### Records provided
lemma admissible_perturbation:
  assumes "admissible w" and interior: "\<And>i j k. (i, j, k) \<in> cube N \<Longrightarrow> \<bar>\<psi> w i j k\<bar> < 1"
    and d: "d 1 1 1 = 0" "\<And>i j k. \<bar>d i j k\<bar> \<le> 1"
  shows "\<exists>\<delta> > 0. \<forall>y. \<bar>y\<bar> < \<delta> \<longrightarrow> admissible (\<lambda>i j k. w i j k + y * d i j k)"
proof -
  define \<eta> where "\<eta> = Min ((\<lambda>(i, j, k). 1 - \<bar>\<psi> w i j k\<bar>) ` cube N)"
  have \<eta>: "\<eta> > 0" unfolding \<eta>_def using finite_cube cube_nonempty[OF N] interior by (subst Min_gr_iff) auto
  have \<eta>_le: "\<eta> \<le> 1 - \<bar>\<psi> w i j k\<bar>" if "(i, j, k) \<in> cube N" for i j k
    unfolding \<eta>_def using finite_cube that by (intro Min_le) force+
  define K where "K = \<tau> * (12 / h\<^sup>2)"
  have K: "K > 0" unfolding K_def using \<tau>_pos h by simp
  have lap_d: "\<bar>\<tau> * lap h d i j k\<bar> \<le> K" for i j k
  proof -
    have "\<bar>lap h d i j k\<bar> \<le> 12 / h\<^sup>2" by (rule abs_lap_le[OF d(2)])
    then have "\<tau> * \<bar>lap h d i j k\<bar> \<le> \<tau> * (12 / h\<^sup>2)" using \<tau>_pos by (intro mult_left_mono) auto
    then show ?thesis using \<tau>_pos unfolding K_def abs_mult by simp
  qed
  show ?thesis
  proof (intro exI[of _ "\<eta> / K"] conjI allI impI)
    show "\<eta> / K > 0" using \<eta> K by simp
    fix y assume y: "\<bar>y\<bar> < \<eta> / K"
    have small: "\<bar>y * (\<tau> * lap h d i j k)\<bar> \<le> \<eta>" for i j k
    proof -
      have "\<bar>y * (\<tau> * lap h d i j k)\<bar> \<le> \<bar>y\<bar> * K" unfolding abs_mult[of y] by (rule mult_left_mono[OF lap_d]) simp
      also have "\<dots> \<le> \<eta>" using y K by (simp add: pos_less_divide_eq less_imp_le)
      finally show ?thesis .
    qed
    then show "admissible (\<lambda>i j k. w i j k + y * d i j k)"
      unfolding admissible_def \<psi>_add_smult
    proof (intro conjI allI impI)
      show "w 1 1 1 + y * d 1 1 1 = 0" using assms(1) d(1) by (simp add: admissible_def)
      fix i j k assume "(i, j, k) \<in> cube N"
      then show "\<bar>\<psi> w i j k + y * (\<tau> * lap h d i j k)\<bar> \<le> 1"
        using abs_triangle_ineq[of "\<psi> w i j k" "y * (\<tau> * lap h d i j k)"] small[of i j k]
          \<eta>_le[of i j k] by linarith
    qed
  qed
qed
(* For positive integers $K\le P$ and $\theta=(K,P)$, we have $\lim_{n\to\infty}C^\star(\mathbb{K}(n;\theta))=C_{\rm K}(\theta)$ almost surely, where $C_{\rm K}(\theta)=\beta(\theta)/(1-q(\theta))^2$.
   Context: Random key graph: for positive integers $K\le P$, $\theta=(K,P)$ and $n\ge3$, let $K_1(\theta),\dots,K_n(\theta)$ be i.i.d. random subsets of $\{1,\dots,P\}$, each uniform over the $K$-element subsets; the random key graph $\mathbb{K}(n;\theta)$ on $\{1,\dots,n\}$ has an edge between distinct $i,j$ iff $K_i(\theta)\cap K_j(\theta)\ne\emptyset$. All graphs for different $n$ are defined on a common probability space. $q(\theta)=\binom{P-K}{K}/\binom{P}{K}$ if $2K\le P$ and $0$ otherwise; $r(\theta)=\binom{P-2K}{K}/\binom{P}{K}$ if $3K\le P$ and $0$ otherwise; $\beta(\theta)=(1-q)^3+q^3-qr$. For a finite simple graph $G$ with vertex set $V$, let $T_i(G)$ be the number of triangles containing vertex $i$ and $d_i$ its degree; the global clustering coefficient is $C^\star(G)=\sum_{i\in V}T_i(G)\big/\big(\tfrac12\sum_{i\in V}d_i(d_i-1)\big)$ if $\sum_i d_i(d_i-1)>0$, and $C^\star(G)=0$ otherwise. *)

theory Defs
  imports "HOL-Probability.Probability"
begin

definition graph_degree :: "'v set \<Rightarrow> ('v \<Rightarrow> 'v \<Rightarrow> bool) \<Rightarrow> 'v \<Rightarrow> nat" where
  "graph_degree V E i = card {j \<in> V. E i j}"

definition triangles_at :: "'v set \<Rightarrow> ('v \<Rightarrow> 'v \<Rightarrow> bool) \<Rightarrow> 'v \<Rightarrow> nat" where
  "triangles_at V E i =
     card {{j, k} | j k. j \<in> V \<and> k \<in> V \<and> j \<noteq> k \<and> E i j \<and> E i k \<and> E j k}"

definition global_clustering :: "'v set \<Rightarrow> ('v \<Rightarrow> 'v \<Rightarrow> bool) \<Rightarrow> real" where
  "global_clustering V E =
     (let D = (\<Sum>i\<in>V. graph_degree V E i * (graph_degree V E i - 1)) in
      if D > 0 then real (\<Sum>i\<in>V. triangles_at V E i) / (real D / 2) else 0)"

definition key_rings :: "nat \<Rightarrow> nat \<Rightarrow> nat set set" where
  "key_rings K P = {S. S \<subseteq> {1..P} \<and> card S = K}"

definition rkg_edge :: "(nat \<Rightarrow> 'w \<Rightarrow> nat set) \<Rightarrow> 'w \<Rightarrow> nat \<Rightarrow> nat \<Rightarrow> bool" where
  "rkg_edge Ks \<omega> i j \<longleftrightarrow> i \<noteq> j \<and> Ks i \<omega> \<inter> Ks j \<omega> \<noteq> {}"

definition rkg_q :: "nat \<Rightarrow> nat \<Rightarrow> real" where
  "rkg_q K P = (if 2 * K \<le> P then real ((P - K) choose K) / real (P choose K) else 0)"

definition rkg_r :: "nat \<Rightarrow> nat \<Rightarrow> real" where
  "rkg_r K P = (if 3 * K \<le> P then real ((P - 2 * K) choose K) / real (P choose K) else 0)"

definition rkg_beta :: "nat \<Rightarrow> nat \<Rightarrow> real" where
  "rkg_beta K P = (1 - rkg_q K P) ^ 3 + rkg_q K P ^ 3 - rkg_q K P * rkg_r K P"

definition rkg_CK :: "nat \<Rightarrow> nat \<Rightarrow> real" where
  "rkg_CK K P = rkg_beta K P / (1 - rkg_q K P) ^ 2"

end

theory Submission
  imports Defs
begin

text \<open>
  The clustering coefficient of \<open>\<bbbK>(n;\<theta>)\<close> depends on the key rings only through their
  empirical frequencies \<open>f\<^sub>s(n)\<close>. The closed neighbourhood of vertex \<open>i\<close> has
  \<open>n \<Sum>\<^sub>t f\<^sub>t(n) [s\<^sub>i \<inter> t \<noteq> \<emptyset>]\<close> elements, one more than \<open>d\<^sub>i\<close>; hence \<open>\<Sum>\<^sub>i d\<^sub>i(d\<^sub>i - 1)\<close> is \<open>n\<^sup>3\<close> times
  a quadratic form in \<open>f(n)\<close> up to lower order terms, and twice the number of triangles is \<open>n\<^sup>3\<close>
  times a cubic form up to \<open>O(n\<^sup>2)\<close>. By a strong law of large numbers (Hoeffding's inequality
  plus Borel--Cantelli) every \<open>f\<^sub>s(n)\<close> tends almost surely to \<open>1 / binom(P,K)\<close>, so \<open>C\<^sup>\<star>\<close> tends
  to the ratio of the two forms at the uniform distribution. A ring is disjoint from a fraction
  \<open>q\<close> of the rings, and two disjoint rings are both disjoint from a fraction \<open>r\<close>; writing each
  overlap indicator as one minus a disjointness indicator, the cubic form becomes
  \<open>(1 - q)\<^sup>3 + q\<^sup>3 - q r\<close> and the quadratic one \<open>(1 - q)\<^sup>2\<close>.
\<close>

section \<open>Loopless graphs of reflexive symmetric relations\<close>

lemma card_ordered_pairs_eq_twice_card_doubletons:
  fixes V :: "'v::linorder set"
  assumes "finite V" and Q_sym: "\<And>j k. Q j k \<Longrightarrow> Q k j"
  shows "card {(j, k). j \<in> V \<and> k \<in> V \<and> j \<noteq> k \<and> Q j k}
       = 2 * card {{j, k} | j k. j \<in> V \<and> k \<in> V \<and> j \<noteq> k \<and> Q j k}"
proof -
  define Up where "Up = {(j, k). j \<in> V \<and> k \<in> V \<and> j < k \<and> Q j k}"
  define Down where "Down = {(j, k). j \<in> V \<and> k \<in> V \<and> k < j \<and> Q j k}"
  have finite_parts: "finite Up" "finite Down"
    unfolding Up_def Down_def by (rule finite_subset[of _ "V \<times> V"]; use assms in auto)+
  have "{(j, k). j \<in> V \<and> k \<in> V \<and> j \<noteq> k \<and> Q j k} = Up \<union> Down"
    unfolding Up_def Down_def by auto
  moreover have "Up \<inter> Down = {}"
    unfolding Up_def Down_def by auto
  moreover have "bij_betw prod.swap Up Down"
    unfolding Up_def Down_def by (rule bij_betwI[where g = prod.swap]) (auto intro: Q_sym)
  moreover have "bij_betw (\<lambda>(j, k). {j, k}) Up
      {{j, k} | j k. j \<in> V \<and> k \<in> V \<and> j \<noteq> k \<and> Q j k}"
  proof (rule bij_betw_imageI)
    show "inj_on (\<lambda>(j, k). {j, k}) Up"
      unfolding Up_def by (auto intro!: inj_onI simp: doubleton_eq_iff)
    show "(\<lambda>(j, k). {j, k}) ` Up = {{j, k} | j k. j \<in> V \<and> k \<in> V \<and> j \<noteq> k \<and> Q j k}"
      unfolding Up_def
      by (auto simp: image_iff insert_commute intro: Q_sym dest: neq_iff[THEN iffD1])
  qed
  ultimately show ?thesis
    using finite_parts by (simp add: card_Un_disjoint flip: bij_betw_same_card)
qed
(* Let $\mathcal{A}\neq\Phi_\ell$ be a central hyperplane arrangement in $V=\mathbb{K}^\ell$ of rank $r$. Let $\pi=(\pi_1,\ldots,\pi_s)$ be a partition of $\mathcal{A}$, let $H_0\in\pi_1$ and let $(\mathcal{A},\mathcal{A}',\mathcal{A}'')$ be the triple associated with $H_0$. Then any two of the following statements imply the third: (i) $\pi$ is nice for $\mathcal{A}$; (ii) $\pi'$ is nice for $\mathcal{A}'$; (iii) the restriction map $\mathrm{R}:\mathcal{A}\setminus\pi_1\to\mathcal{A}''$ is bijective and $\pi''$ is nice for $\mathcal{A}''$.
   Context: $\mathbb{K}$ is a field; a central arrangement is a finite set of linear hyperplanes in $V$; $\Phi_\ell$ is the empty arrangement; the rank of $\mathcal{A}$ is the codimension of $\bigcap_{H\in\mathcal{A}}H$. $L(\mathcal{A})$ is the set of intersections of subsets of $\mathcal{A}$ ($V$ being the empty intersection); for $X\in L(\mathcal{A})$, $\mathcal{A}_X=\{H\in\mathcal{A}\mid X\subseteq H\}$. For $H_0\in\mathcal{A}$ the triple is $\mathcal{A}'=\mathcal{A}\setminus\{H_0\}$, $\mathcal{A}''=\{H_0\cap H\mid H\in\mathcal{A}'\}$ (an arrangement in $H_0$). A partition $\pi=(\pi_1,\ldots,\pi_s)$ of $\mathcal{A}$ (ordered tuple of non-empty disjoint subsets covering $\mathcal{A}$) is independent if for every choice $H_i\in\pi_i$, $\operatorname{codim}(H_1\cap\cdots\cap H_s)=s$; for $X\in L(\mathcal{A})$ the induced partition $\pi_X$ of $\mathcal{A}_X$ consists of the non-empty sets $\pi_i\cap\mathcal{A}_X$. $\pi$ is nice (a factorization) for $\mathcal{A}$ if it is independent and for every $X\in L(\mathcal{A})\setminus\{V\}$ some block of $\pi_X$ is a singleton (the empty partition is nice for an empty arrangement). For $H_0\in\pi_1$: $\pi'$ is the partition of $\mathcal{A}'$ by the non-empty sets $\pi_i\cap\mathcal{A}'$; $\mathrm{R}:\mathcal{A}\setminus\pi_1\to\mathcal{A}''$ is $H\mapsto H\cap H_0$; and $\pi''=(\pi_2'',\ldots,\pi_s'')$ with $\pi_i''=\mathrm{R}(\pi_i)$; "$\pi''$ is nice for $\mathcal{A}''$" includes that $\pi''$ is a partition of $\mathcal{A}''$. *)

theory Defs
  imports "HOL-Analysis.Analysis"
begin

text \<open>Vectors of V = K^l are elements of type 'k ^ 'n with 'k a field (l = CARD('n)).
  All notions are stated relative to an ambient linear subspace W (W = UNIV for V itself,
  W = H0 for the restriction A''), so that codimensions and the empty intersection are
  taken inside W.\<close>

definition hyperplane_in :: "('k::field ^ 'n) set \<Rightarrow> ('k ^ 'n) set \<Rightarrow> bool" where
  "hyperplane_in W H \<longleftrightarrow> vec.subspace H \<and> H \<subseteq> W \<and> vec.dim H + 1 = vec.dim W"

definition central_arrangement_in :: "('k::field ^ 'n) set \<Rightarrow> ('k ^ 'n) set set \<Rightarrow> bool" where
  "central_arrangement_in W A \<longleftrightarrow> vec.subspace W \<and> finite A \<and> (\<forall>H\<in>A. hyperplane_in W H)"

definition codim_in :: "('k::field ^ 'n) set \<Rightarrow> ('k ^ 'n) set \<Rightarrow> nat" where
  "codim_in W X = vec.dim W - vec.dim X"

definition lattice_in :: "('k::field ^ 'n) set \<Rightarrow> ('k ^ 'n) set set \<Rightarrow> ('k ^ 'n) set set" where
  "lattice_in W A = {W \<inter> \<Inter> B | B. B \<subseteq> A}"

definition localization :: "('k::field ^ 'n) set set \<Rightarrow> ('k ^ 'n) set \<Rightarrow> ('k ^ 'n) set set" where
  "localization A X = {H \<in> A. X \<subseteq> H}"

definition is_partition :: "'a set list \<Rightarrow> 'a set \<Rightarrow> bool" where
  "is_partition \<pi> A \<longleftrightarrow> (\<forall>B\<in>set \<pi>. B \<noteq> {}) \<and>
     (\<forall>i<length \<pi>. \<forall>j<length \<pi>. i \<noteq> j \<longrightarrow> \<pi> ! i \<inter> \<pi> ! j = {}) \<and> \<Union> (set \<pi>) = A"

definition independent_in :: "('k::field ^ 'n) set \<Rightarrow> ('k ^ 'n) set set list \<Rightarrow> bool" where
  "independent_in W \<pi> \<longleftrightarrow>
     (\<forall>h. (\<forall>i<length \<pi>. h i \<in> \<pi> ! i) \<longrightarrow>
          codim_in W (W \<inter> \<Inter> (h ` {..<length \<pi>})) = length \<pi>)"

text \<open>Nice partition (factorization). The blocks of the induced partition pi_X are the
  non-empty sets pi_i \<inter> A_X; "some block of pi_X is a singleton" is expressed directly.\<close>
definition nice_in :: "('k::field ^ 'n) set \<Rightarrow> ('k ^ 'n) set set \<Rightarrow> ('k ^ 'n) set set list \<Rightarrow> bool" where
  "nice_in W A \<pi> \<longleftrightarrow> is_partition \<pi> A \<and> independent_in W \<pi> \<and>
     (\<forall>X \<in> lattice_in W A - {W}. \<exists>B\<in>set \<pi>. card (B \<inter> localization A X) = 1)"

definition deletion_partition :: "'a set list \<Rightarrow> 'a \<Rightarrow> 'a set list" where
  "deletion_partition \<pi> H0 = filter (\<lambda>B. B \<noteq> {}) (map (\<lambda>B. B - {H0}) \<pi>)"

definition restriction_arr :: "('k::field ^ 'n) set set \<Rightarrow> ('k ^ 'n) set \<Rightarrow> ('k ^ 'n) set set" where
  "restriction_arr A H0 = {H0 \<inter> H | H. H \<in> A - {H0}}"

definition restriction_partition :: "('k::field ^ 'n) set set list \<Rightarrow> ('k ^ 'n) set \<Rightarrow> ('k ^ 'n) set set list" where
  "restriction_partition \<pi> H0 = map (\<lambda>B. (\<lambda>H. H \<inter> H0) ` B) (tl \<pi>)"

end

theory Submission imports Defs begin

text \<open>Everything is transported through localizations. For X \<subseteq> H0 the blocks of pi''_X are
  the images under R of the blocks pi_i \<inter> A_X with i > 1, and when H0 \<notin> A_X the blocks of
  pi'_X are those of pi_X, so a singleton block at X for one of pi, pi', pi'' yields one for
  another. Independence is transported the same way: a transversal of pi through H0 is H0
  together with a transversal of pi'', its codimension in V exceeding that in H0 by one,
  while a transversal avoiding H0 is a transversal of pi'. Finally, if pi is nice then R maps
  A - pi_1 onto A'' (at X = H0 \<inter> H a singleton block other than pi_1 supplies a hyperplane
  with the trace of H), and if pi' is nice as well, injectively.\<close>

section \<open>Hyperplanes and codimension\<close>

lemma dim_le_dim_Int_hyperplane:
  fixes Y H :: "('k::field ^ 'n) set"
  assumes "vec.subspace Y" "hyperplane_in UNIV H"
  shows "vec.dim Y \<le> vec.dim (Y \<inter> H) + 1"
proof -
  have H: "vec.subspace H" "vec.dim H + 1 = vec.dim (UNIV :: ('k ^ 'n) set)"
    using assms(2) by (auto simp: hyperplane_in_def)
  have "vec.dim {y + z |y z. y \<in> Y \<and> z \<in> H} + vec.dim (Y \<inter> H) = vec.dim Y + vec.dim H"
    by (rule vec.dim_sums_Int[OF assms(1) H(1)])
  moreover have "vec.dim {y + z |y z. y \<in> Y \<and> z \<in> H} \<le> vec.dim (UNIV :: ('k ^ 'n) set)"
    by (rule vec.dim_subset) simp
  ultimately show ?thesis using H(2) by linarith
qed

### Work to complete
Please filter the entries above down to the lines holding "prod" and copy them.

### Result for this exercise
  moreover have "bij_betw prod.swap Up Down"
    unfolding Up_def Down_def by (rule bij_betwI[where g = prod.swap]) (auto intro: Q_sym)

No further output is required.